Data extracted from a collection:
(* (g\<^sup>+, g\<^sup>-), the preimage of g under phi with disjoint supports in the two summands *)
definition posneg :: "nat \<Rightarrow> vec \<Rightarrow> vec" where
  "posneg c g = (\<lambda>(xs, j). if 1 \<le> j \<and> j \<le> c then max (g (xs, j)) 0
      else if c < j \<and> j \<le> 2 * c then max (- g (xs, j - c)) 0 else 0)"

definition diag :: "nat \<Rightarrow> idx \<Rightarrow> vec" where
  "diag c x = (\<lambda>y. if y = x \<or> y = (fst x, snd x + c) then 1 else 0)"

lemma posneg_nonneg: "0 \<le> posneg c g x"
  by (auto simp: posneg_def split: prod.splits)

lemma posneg_act: "posneg c (act \<sigma> g) = act \<sigma> (posneg c g)"
  by (auto simp: posneg_def act_def fun_eq_iff)

lemma posneg_in_Vec:
  assumes g: "g \<in> Vec d c"
  shows "posneg c g \<in> Vec d (2 * c)"
proof -
  let ?S = "{x. g x \<noteq> 0}"
  have nz: "(xs, j) \<in> ?S \<and> 1 \<le> j \<and> j \<le> c \<or> (xs, j - c) \<in> ?S \<and> c < j \<and> j \<le> 2 * c"
    if "posneg c g (xs, j) \<noteq> 0" for xs j
    using that by (auto simp: posneg_def split: if_splits)
  have "{x. posneg c g x \<noteq> 0} \<subseteq> ?S \<union> (\<lambda>(xs, j). (xs, j + c)) ` ?S"
  proof
    fix x
    assume x: "x \<in> {x. posneg c g x \<noteq> 0}"
    obtain xs j where "x = (xs, j)"
      by (cases x)
    then show "x \<in> ?S \<union> (\<lambda>(xs, j). (xs, j + c)) ` ?S"
      using x nz[of xs j] by (auto intro: image_eqI[of _ _ "(xs, j - c)"])
  qed
  moreover have "finite ?S"
    using g by (simp add: Vec_def)
  ultimately have "finite {x. posneg c g x \<noteq> 0}"
    by (auto intro: finite_subset)
  moreover have "(xs, j) \<in> Idx d (2 * c)" if "posneg c g (xs, j) \<noteq> 0" for xs j
    using nz[OF that] g by (auto simp: Vec_def Idx_def)
  ultimately show ?thesis
    by (auto simp: Vec_def)
qed

lemma phi_posneg:
  assumes "g \<in> Vec d c"
  shows "phi c (posneg c g) = g"
proof (rule ext, clarify)
  fix xs j
  show "phi c (posneg c g) (xs, j) = g (xs, j)"
  proof (cases "1 \<le> j \<and> j \<le> c")
    case True
    then show ?thesis
      by (auto simp: phi_def posneg_def)
  next
    case False
    then show ?thesis
      using Vec_vanishes[OF assms, of "(xs, j)"] by (auto simp: phi_def Idx_def)
  qed
qed

lemma posneg_conf_split:
  assumes "v \<sqsubseteq> g"
  shows "posneg c g = posneg c v + posneg c (g - v)"
proof (rule ext, clarify)
  have between: "(0 \<le> v x \<and> v x \<le> g x) \<or> (g x \<le> v x \<and> v x \<le> 0)" for x
  proof -
    have "0 \<le> v x * g x" "\<bar>v x\<bar> \<le> \<bar>g x\<bar>"
      using assms unfolding conf_le_def by blast+
    then show ?thesis
      by (cases "0 \<le> g x"; cases "0 \<le> v x") (auto simp: zero_le_mult_iff)
  qed
  fix xs j
  show "posneg c g (xs, j) = (posneg c v + posneg c (g - v)) (xs, j)"
    using between[of "(xs, j)"] between[of "(xs, j - c)"] by (auto simp: posneg_def)
qed

lemma eq_posneg_phi:
  assumes w: "w \<in> Vec d (2 * c)" "\<forall>x. 0 \<le> w x"
    and one_side: "\<And>xs j. 1 \<le> j \<Longrightarrow> j \<le> c \<Longrightarrow> w (xs, j) = 0 \<or> w (xs, j + c) = 0"
  shows "w = posneg c (phi c w)"
proof (rule ext, clarify)
  fix xs j
  consider "1 \<le> j" "j \<le> c" | "c < j" "j \<le> 2 * c" | "j < 1 \<or> 2 * c < j"
    by linarith
  then show "w (xs, j) = posneg c (phi c w) (xs, j)"
  proof cases
    case 1
    then show ?thesis
      using one_side[of j xs] w(2) by (auto simp: posneg_def phi_def)
  next
    case 2
    then have "1 \<le> j - c" "j - c \<le> c" "j - c + c = j"
      by auto
    then show ?thesis
      using one_side[of "j - c" xs] w(2) 2 by (auto simp: posneg_def phi_def)
  next
    case 3
    then have "(xs, j) \<notin> Idx d (2 * c)"
      by (auto simp: Idx_def)
    then show ?thesis
      using Vec_vanishes[OF w(1)] 3 by (auto simp: posneg_def)
  qed
qed

lemma le_posneg_one_side:
  assumes "\<forall>x. 0 \<le> a x" and "\<forall>x. a x \<le> posneg c g x" and "1 \<le> j" and "j \<le> c"
  shows "a (xs, j) = 0 \<or> a (xs, j + c) = 0"
  using assms(1)[rule_format, of "(xs, j)"] assms(1)[rule_format, of "(xs, j + c)"] assms(3,4)
    assms(2)[rule_format, of "(xs, j)"] assms(2)[rule_format, of "(xs, j + c)"]
  by (auto simp: posneg_def max_def split: if_splits)
theorem proposition3p30:
  fixes G :: "('g, 'b) monoid_scheme" and Q :: "'q set" and act :: "'g \<Rightarrow> 'q \<Rightarrow> 'q"
    and U :: "('q \<times> 'q) set"
  assumes "group G"
    and "group_action G Q act"
    and "free_action G Q act"
    and "Dtype G Q act U"
  shows "(\<forall>s\<in>SigmaR G Q act U. FDR G Q act U (FRD G Q act U s) = s)
         \<and> inj_on (FRD G Q act U) (SigmaR G Q act U)"
proof -
  have left_inverse: "\<forall>s\<in>SigmaR G Q act U. FDR G Q act U (FRD G Q act U s) = s"
  proof
    fix s assume s: "s \<in> SigmaR G Q act U"
    show "FDR G Q act U (FRD G Q act U s) = s"
    proof (rule extensionalityI)
      show "FDR G Q act U (FRD G Q act U s) \<in> extensional (Upp G act U)"
        unfolding FDR_def by simp
      show "s \<in> extensional (Upp G act U)"
        using s unfolding SigmaR_def by simp
      show "FDR G Q act U (FRD G Q act U s) x = s x" if "x \<in> Upp G act U" for x
        using group_action.FRD_hats2[OF assms(2,4) s that] that unfolding FDR_def by simp
    qed
  qed
  then show ?thesis
    using inj_on_inverseI[of "SigmaR G Q act U" "FDR G Q act U"] by blast
qed

end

EXERCISE INSTRUCTIONS:
The records above are to be repeated exactly, in their entirety.

SOLUTION:
(* (g\<^sup>+, g\<^sup>-), the preimage of g under phi with disjoint supports in the two summands *)
definition posneg :: "nat \<Rightarrow> vec \<Rightarrow> vec" where
  "posneg c g = (\<lambda>(xs, j). if 1 \<le> j \<and> j \<le> c then max (g (xs, j)) 0
      else if c < j \<and> j \<le> 2 * c then max (- g (xs, j - c)) 0 else 0)"

definition diag :: "nat \<Rightarrow> idx \<Rightarrow> vec" where
  "diag c x = (\<lambda>y. if y = x \<or> y = (fst x, snd x + c) then 1 else 0)"

lemma posneg_nonneg: "0 \<le> posneg c g x"
  by (auto simp: posneg_def split: prod.splits)

lemma posneg_act: "posneg c (act \<sigma> g) = act \<sigma> (posneg c g)"
  by (auto simp: posneg_def act_def fun_eq_iff)

lemma posneg_in_Vec:
  assumes g: "g \<in> Vec d c"
  shows "posneg c g \<in> Vec d (2 * c)"
proof -
  let ?S = "{x. g x \<noteq> 0}"
  have nz: "(xs, j) \<in> ?S \<and> 1 \<le> j \<and> j \<le> c \<or> (xs, j - c) \<in> ?S \<and> c < j \<and> j \<le> 2 * c"
    if "posneg c g (xs, j) \<noteq> 0" for xs j
    using that by (auto simp: posneg_def split: if_splits)
  have "{x. posneg c g x \<noteq> 0} \<subseteq> ?S \<union> (\<lambda>(xs, j). (xs, j + c)) ` ?S"
  proof
    fix x
    assume x: "x \<in> {x. posneg c g x \<noteq> 0}"
    obtain xs j where "x = (xs, j)"
      by (cases x)
    then show "x \<in> ?S \<union> (\<lambda>(xs, j). (xs, j + c)) ` ?S"
      using x nz[of xs j] by (auto intro: image_eqI[of _ _ "(xs, j - c)"])
  qed
  moreover have "finite ?S"
    using g by (simp add: Vec_def)
  ultimately have "finite {x. posneg c g x \<noteq> 0}"
    by (auto intro: finite_subset)
  moreover have "(xs, j) \<in> Idx d (2 * c)" if "posneg c g (xs, j) \<noteq> 0" for xs j
    using nz[OF that] g by (auto simp: Vec_def Idx_def)
  ultimately show ?thesis
    by (auto simp: Vec_def)
qed

lemma phi_posneg:
  assumes "g \<in> Vec d c"
  shows "phi c (posneg c g) = g"
proof (rule ext, clarify)
  fix xs j
  show "phi c (posneg c g) (xs, j) = g (xs, j)"
  proof (cases "1 \<le> j \<and> j \<le> c")
    case True
    then show ?thesis
      by (auto simp: phi_def posneg_def)
  next
    case False
    then show ?thesis
      using Vec_vanishes[OF assms, of "(xs, j)"] by (auto simp: phi_def Idx_def)
  qed
qed

lemma posneg_conf_split:
  assumes "v \<sqsubseteq> g"
  shows "posneg c g = posneg c v + posneg c (g - v)"
proof (rule ext, clarify)
  have between: "(0 \<le> v x \<and> v x \<le> g x) \<or> (g x \<le> v x \<and> v x \<le> 0)" for x
  proof -
    have "0 \<le> v x * g x" "\<bar>v x\<bar> \<le> \<bar>g x\<bar>"
      using assms unfolding conf_le_def by blast+
    then show ?thesis
      by (cases "0 \<le> g x"; cases "0 \<le> v x") (auto simp: zero_le_mult_iff)
  qed
  fix xs j
  show "posneg c g (xs, j) = (posneg c v + posneg c (g - v)) (xs, j)"
    using between[of "(xs, j)"] between[of "(xs, j - c)"] by (auto simp: posneg_def)
qed

lemma eq_posneg_phi:
  assumes w: "w \<in> Vec d (2 * c)" "\<forall>x. 0 \<le> w x"
    and one_side: "\<And>xs j. 1 \<le> j \<Longrightarrow> j \<le> c \<Longrightarrow> w (xs, j) = 0 \<or> w (xs, j + c) = 0"
  shows "w = posneg c (phi c w)"
proof (rule ext, clarify)
  fix xs j
  consider "1 \<le> j" "j \<le> c" | "c < j" "j \<le> 2 * c" | "j < 1 \<or> 2 * c < j"
    by linarith
  then show "w (xs, j) = posneg c (phi c w) (xs, j)"
  proof cases
    case 1
    then show ?thesis
      using one_side[of j xs] w(2) by (auto simp: posneg_def phi_def)
  next
    case 2
    then have "1 \<le> j - c" "j - c \<le> c" "j - c + c = j"
      by auto
    then show ?thesis
      using one_side[of "j - c" xs] w(2) 2 by (auto simp: posneg_def phi_def)
  next
    case 3
    then have "(xs, j) \<notin> Idx d (2 * c)"
      by (auto simp: Idx_def)
    then show ?thesis
      using Vec_vanishes[OF w(1)] 3 by (auto simp: posneg_def)
  qed
qed

lemma le_posneg_one_side:
  assumes "\<forall>x. 0 \<le> a x" and "\<forall>x. a x \<le> posneg c g x" and "1 \<le> j" and "j \<le> c"
  shows "a (xs, j) = 0 \<or> a (xs, j + c) = 0"
  using assms(1)[rule_format, of "(xs, j)"] assms(1)[rule_format, of "(xs, j + c)"] assms(3,4)
    assms(2)[rule_format, of "(xs, j)"] assms(2)[rule_format, of "(xs, j + c)"]
  by (auto simp: posneg_def max_def split: if_splits)
theorem proposition3p30:
  fixes G :: "('g, 'b) monoid_scheme" and Q :: "'q set" and act :: "'g \<Rightarrow> 'q \<Rightarrow> 'q"
    and U :: "('q \<times> 'q) set"
  assumes "group G"
    and "group_action G Q act"
    and "free_action G Q act"
    and "Dtype G Q act U"
  shows "(\<forall>s\<in>SigmaR G Q act U. FDR G Q act U (FRD G Q act U s) = s)
         \<and> inj_on (FRD G Q act U) (SigmaR G Q act U)"
proof -
  have left_inverse: "\<forall>s\<in>SigmaR G Q act U. FDR G Q act U (FRD G Q act U s) = s"
  proof
    fix s assume s: "s \<in> SigmaR G Q act U"
    show "FDR G Q act U (FRD G Q act U s) = s"
    proof (rule extensionalityI)
      show "FDR G Q act U (FRD G Q act U s) \<in> extensional (Upp G act U)"
        unfolding FDR_def by simp
      show "s \<in> extensional (Upp G act U)"
        using s unfolding SigmaR_def by simp
      show "FDR G Q act U (FRD G Q act U s) x = s x" if "x \<in> Upp G act U" for x
        using group_action.FRD_hats2[OF assms(2,4) s that] that unfolding FDR_def by simp
    qed
  qed
  then show ?thesis
    using inj_on_inverseI[of "SigmaR G Q act U" "FDR G Q act U"] by blast
qed

end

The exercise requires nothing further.